__Exercise objective__.
In the records below, find the line containing "y \<in> O[inf" and retype it and every line after it exactly, adding nothing.

[Extracted records]
%%

lemma R_fun_resolvent_mixture:
  assumes D: "0 < D" and \<delta>: "0 < \<delta>" and z: "0 < Re z"
  shows "R_fun D b \<delta> y z = (LINT s|lborel.
    phi_weight b \<delta> s * iexp (phi_freq \<delta> * s * y) * (2 * of_real D) / (z + of_real (D * (phi_freq \<delta> * s)\<^sup>2)))"
proof -
  define c where "c = csqrt z / of_real (sqrt D)"
  have c: "0 < Re c"
    using Re_csqrt_pos[OF z] D by (simp add: c_def)
  have kernel: "exp (- complex_of_real (\<bar>x - y\<bar> / sqrt D) * csqrt z) = exp (- c * of_real \<bar>x - y\<bar>)" for x
    by (simp add: c_def ac_simps)
  have "R_fun D b \<delta> y z = of_real (sqrt D) * (LINT x|lborel. exp (- c * of_real \<bar>x - y\<bar>)
      * (LINT s|lborel. phi_weight b \<delta> s * iexp (phi_freq \<delta> * s * x))) / csqrt z"
    unfolding R_fun_def kernel phi_bd_fourier[OF \<delta>] times_divide_eq_left integral_divide_zero by simp
  also have "\<dots> = of_real (sqrt D) * (LINT s|lborel. phi_weight b \<delta> s
      * (iexp (phi_freq \<delta> * s * y) * (2 * c / (c\<^sup>2 + (of_real (phi_freq \<delta> * s))\<^sup>2)))) / csqrt z"
    unfolding integral_exp_neg_abs_mixture_of_characters[OF integrable_phi_weight c] ..
  also have "\<dots> = (LINT s|lborel. phi_weight b \<delta> s * iexp (phi_freq \<delta> * s * y)
      * (of_real (sqrt D) * (1 / csqrt z * (2 * c / (c\<^sup>2 + (of_real (phi_freq \<delta> * s))\<^sup>2)))))"
    by (simp add: divide_inverse ac_simps)
  finally show ?thesis
    unfolding c_def resolvent_of_rescaled_fourier_symbol[OF D z] by simp
qed

theorem lemma8p5:
  fixes D b \<delta> y :: real
  assumes "D > 0" and "b > 0" and "0 < \<delta>" and "\<delta> < D"
  shows "(\<exists>f :: real \<Rightarrow> complex. \<forall>z. 0 < Re z \<longrightarrow>
            set_integrable lborel {0<..} (\<lambda>t. exp (- z * complex_of_real t) * f t)
            \<and> R_fun D b \<delta> y z = (LINT t:{0<..}|lborel. exp (- z * complex_of_real t) * f t))
         \<and> R_fun D b \<delta> y \<in> O[inf at_infinity (principal {z. 0 < Re z})](\<lambda>z. inverse z)"
proof -
  define g where "g s = phi_weight b \<delta> s * iexp (phi_freq \<delta> * s * y) * (2 * of_real D)" for s
  define a where "a s = D * (phi_freq \<delta> * s)\<^sup>2" for s
  have g: "integrable lborel g"
  proof (rule Bochner_Integration.integrable_bound)
    show "integrable lborel (\<lambda>s. 2 * D * norm (phi_weight b \<delta> s))"
      using integrable_norm[OF integrable_phi_weight] by simp
    show "g \<in> borel_measurable lborel"
      unfolding g_def by measurable
    show "AE s in lborel. norm (g s) \<le> norm (2 * D * norm (phi_weight b \<delta> s))"
      using \<open>D > 0\<close> by (intro AE_I2) (simp add: g_def norm_mult norm_exp_i_times)
  qed
  have a: "a \<in> borel_measurable borel" "\<And>s. 0 \<le> a s"
    unfolding a_def by measurable (use \<open>D > 0\<close> in simp)
  show ?thesis
  proof (rule resolvent_mixture_laplace_transform_bigo_inverse[OF g a])
    show "R_fun D b \<delta> y z = (LINT s|lborel. g s / (z + of_real (a s)))" if "0 < Re z" for z
      using R_fun_resolvent_mixture[OF \<open>D > 0\<close> \<open>0 < \<delta>\<close> that] by (simp add: g_def a_def)
  qed
qed

end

%%

__Answer for this exercise__.
         \<and> R_fun D b \<delta> y \<in> O[inf at_infinity (principal {z. 0 < Re z})](\<lambda>z. inverse z)"
proof -
  define g where "g s = phi_weight b \<delta> s * iexp (phi_freq \<delta> * s * y) * (2 * of_real D)" for s
  define a where "a s = D * (phi_freq \<delta> * s)\<^sup>2" for s
  have g: "integrable lborel g"
  proof (rule Bochner_Integration.integrable_bound)
    show "integrable lborel (\<lambda>s. 2 * D * norm (phi_weight b \<delta> s))"
      using integrable_norm[OF integrable_phi_weight] by simp
    show "g \<in> borel_measurable lborel"
      unfolding g_def by measurable
    show "AE s in lborel. norm (g s) \<le> norm (2 * D * norm (phi_weight b \<delta> s))"
      using \<open>D > 0\<close> by (intro AE_I2) (simp add: g_def norm_mult norm_exp_i_times)
  qed
  have a: "a \<in> borel_measurable borel" "\<And>s. 0 \<le> a s"
    unfolding a_def by measurable (use \<open>D > 0\<close> in simp)
  show ?thesis
  proof (rule resolvent_mixture_laplace_transform_bigo_inverse[OF g a])
    show "R_fun D b \<delta> y z = (LINT s|lborel. g s / (z + of_real (a s)))" if "0 < Re z" for z
      using R_fun_resolvent_mixture[OF \<open>D > 0\<close> \<open>0 < \<delta>\<close> that] by (simp add: g_def a_def)
  qed
qed

end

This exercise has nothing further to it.